U.S. Considers Direct Military Action to Liberate Yemeni Port

U.S. officials are discussing the possibility of a direct military support to the United Arab Emirates (UAE) in an effort to capture a key port in Yemen from Houthi rebels.

According to The Wall Street Journal, the UAE has reportedly asked the U.S. for assistance in helping the Saudi-led coalition retake Hodeidah, which provides support to the whole of Yemen. U.S. officials told the Journal that the Saudis and the UAE will not act until they receive U.S. support, but Washington worries about the toll such a move could take on the war-torn country.

“We continue to have a lot of concerns about a Hodeidah operation,” a high-ranking official told the Journal. “We are not 100% comfortable that, even if the coalition did launch an attack, that they would be able to do it cleanly and avoid a catastrophic incident.”

Administration officials familiar with the situation in Yemen are scheduled to meet on Monday in order to discuss which steps the U.S. could take.

Meanwhile, the Saudi-led coalition also decided that UAE forces are not going to take any action in the port in the near future so the United Nations envoy to Yemen,  Martin Griffiths, can begin peace efforts in the country’s civil war.

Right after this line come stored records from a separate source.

lemma interior_of_coord_space_lt:
  fixes \<theta> :: "nat \<Rightarrow> real"
  assumes "\<theta> \<in> top_of_set (coord_space d) interior_of K" "k < d" "\<And>\<theta>'. \<theta>' \<in> K \<Longrightarrow> \<theta>' k \<le> b"
  shows "\<theta> k < b"
proof -
  obtain \<epsilon> where "\<epsilon> > 0" and perturb: "\<And>t. \<bar>t\<bar> < \<epsilon> \<Longrightarrow> \<theta>(k := \<theta> k + t) \<in> K"
    using interior_of_coord_space_perturb[OF assms(1,2)] by blast
  then have "\<theta>(k := \<theta> k + \<epsilon> / 2) \<in> K" by (intro perturb) simp
  then show ?thesis using assms(3) \<open>\<epsilon> > 0\<close> by fastforce
qed

lemma AGARCH_param_set_interior:
  assumes int: "param_vec p q \<alpha> \<beta> \<gamma> \<in> top_of_set (coord_space (p + q + 2)) interior_of K"
    and K: "K \<subseteq> AGARCH_param_set p q"
  shows "\<alpha> 0 > 0" and "\<And>i. i \<in> {1..p} \<Longrightarrow> \<alpha> i > 0" and "\<And>j. j \<in> {1..q} \<Longrightarrow> \<beta> j \<ge> 0"
    and "-1 < \<gamma>" and "\<gamma> < 1"
proof -
  let ?\<theta> = "param_vec p q \<alpha> \<beta> \<gamma>"
  have "?\<theta> \<in> AGARCH_param_set p q" using interior_of_subset[of _ K] int K by blast
  then show "\<alpha> 0 > 0" "\<And>j. j \<in> {1..q} \<Longrightarrow> \<beta> j \<ge> 0"
    by (auto simp: AGARCH_param_set_def param_vec_def)
  have \<alpha>_bound: "\<theta>' i \<ge> 0" if "\<theta>' \<in> K" "i \<in> {1..p}" for \<theta>' i
    using that K by (auto simp: AGARCH_param_set_def)
  have \<gamma>_bounds: "-1 \<le> \<theta>' (p + q + 1)" "\<theta>' (p + q + 1) \<le> 1" if "\<theta>' \<in> K" for \<theta>'
    using that K by (auto simp: AGARCH_param_set_def)
  show "\<alpha> i > 0" if "i \<in> {1..p}" for i
    using interior_of_coord_space_gt[OF int, of i 0] \<alpha>_bound that by (auto simp: param_vec_def)
  show "-1 < \<gamma>" "\<gamma> < 1"
    using interior_of_coord_space_gt[OF int, of "p + q + 1" "-1"]
      interior_of_coord_space_lt[OF int, of "p + q + 1" 1] \<gamma>_bounds
    by (auto simp: param_vec_def)
qed

theorem lemma8p2:
  fixes M :: "'a measure"
    and Z X \<sigma> :: "int \<Rightarrow> 'a \<Rightarrow> real"
    and p q :: nat
    and \<alpha> \<beta> :: "nat \<Rightarrow> real" and \<gamma> :: real
    and K :: "(nat \<Rightarrow> real) set"
  assumes prob: "prob_space M"
    (* innovations: i.i.d., mean 0, variance 1 *)
    and Z_meas: "\<And>t. Z t \<in> borel_measurable M"
    and Z_indep: "prob_space.indep_vars M (\<lambda>_. borel) Z UNIV"
    and Z_ident: "\<And>t. distr M borel (Z t) = distr M borel (Z 0)"
    and Z_int: "integrable M (Z 0)" and Z_mean: "(\<integral>\<omega>. Z 0 \<omega> \<partial>M) = 0"
    and Z_int2: "integrable M (\<lambda>\<omega>. (Z 0 \<omega>)\<^sup>2)" and Z_var: "(\<integral>\<omega>. (Z 0 \<omega>)\<^sup>2 \<partial>M) = 1"
    (* AGARCH(p,q) equations *)
    and pq: "p \<ge> 1" "q \<ge> 1"
    and \<sigma>_nonneg: "\<And>t \<omega>. \<omega> \<in> space M \<Longrightarrow> \<sigma> t \<omega> \<ge> 0"
    and \<sigma>_adapted: "\<And>t. \<sigma> t \<in> borel_measurable (past_sigma M Z (t - 1))"
    and X_def: "\<And>t \<omega>. \<omega> \<in> space M \<Longrightarrow> X t \<omega> = \<sigma> t \<omega> * Z t \<omega>"
    and recursion: "\<And>t \<omega>. \<omega> \<in> space M \<Longrightarrow>
        (\<sigma> t \<omega>)\<^sup>2 = \<alpha> 0 + (\<Sum>i=1..p. \<alpha> i * (\<bar>X (t - int i) \<omega>\<bar> - \<gamma> * X (t - int i) \<omega>)\<^sup>2)
                     + (\<Sum>j=1..q. \<beta> j * (\<sigma> (t - int j) \<omega>)\<^sup>2)"
    and stationary: "strictly_stationary M (\<lambda>t \<omega>. (X t \<omega>, \<sigma> t \<omega>))"
    (* parameter space *)
    and K_sub: "K \<subseteq> AGARCH_param_set p q"
    and K_compact: "compact K"
    and K_reg: "top_of_set (coord_space (p + q + 2)) closure_of
                  (top_of_set (coord_space (p + q + 2)) interior_of K) = K"
    and \<theta>0_int: "param_vec p q \<alpha> \<beta> \<gamma> \<in> top_of_set (coord_space (p + q + 2)) interior_of K"
    (* further conditions *)
    and \<alpha>_pos: "\<exists>i\<in>{1..p}. \<alpha> i > 0"
    and \<alpha>\<beta>_last: "(\<alpha> p, \<beta> q) \<noteq> (0, 0)"
    and coprime: "\<not> (\<exists>z::complex. (\<Sum>i=1..p. complex_of_real (\<alpha> i) * z ^ i) = 0
                              \<and> 1 - (\<Sum>j=1..q. complex_of_real (\<beta> j) * z ^ j) = 0)"
    and not_two_points: "\<not> (\<exists>a b. measure M {\<omega> \<in> space M. Z 0 \<omega> = a \<or> Z 0 \<omega> = b} = 1)"
    and Z_int4: "integrable M (\<lambda>\<omega>. (Z 0 \<omega>) ^ 4)"
    and small_ball: "\<exists>\<mu>>0. (\<lambda>z. measure M {\<omega> \<in> space M. \<bar>Z 0 \<omega>\<bar> \<le> z}) \<in> o[at_right 0](\<lambda>z. z powr \<mu>)"
  shows "\<forall>\<xi> :: nat \<Rightarrow> real.
    (AE \<omega> in M. \<xi> 0
        + (\<Sum>i=1..p. \<xi> i * (\<bar>X (1 - int i) \<omega>\<bar> - \<gamma> * X (1 - int i) \<omega>)\<^sup>2)
        + (\<Sum>j=1..q. \<xi> (p + j) * (\<sigma> (1 - int j) \<omega>)\<^sup>2)
        + \<xi> (p + q + 1) * (- 2 * (\<Sum>i=1..p. \<alpha> i * X (1 - int i) \<omega>
                                    * (\<bar>X (1 - int i) \<omega>\<bar> - \<gamma> * X (1 - int i) \<omega>))) = 0)
    \<longrightarrow> (\<forall>i < p + q + 2. \<xi> i = 0)"
proof -
  note param = AGARCH_param_set_interior[OF \<theta>0_int K_sub]
  interpret agarch M Z X \<sigma> p q \<alpha> \<beta> \<gamma>
    using prob Z_meas Z_indep Z_ident Z_int Z_mean Z_int2 not_two_points pq(1)
      \<sigma>_nonneg \<sigma>_adapted X_def recursion param
    by (auto simp: agarch_def agarch_axioms_def iid_innovations_def iid_innovations_axioms_def
        intro: less_imp_le)
  have "\<alpha> 1 > 0" using param(2) pq(1) by simp
  then show ?thesis using gradient_components_independent[OF _ coprime \<alpha>\<beta>_last] by blast
qed

end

However, U.S. lawmakers are not interested in the idea of additional involvement in Yemen, mostly because the U.S. already supports the Saudi campaign with billions of dollars in arms, intelligence and logistics such as air refueling.

The House last year passed a nonbinding resolution that called U.S. military involvement in the war unauthorized, while the Senate recently blocked a resolution that would have put an end to U.S. military support for the campaign.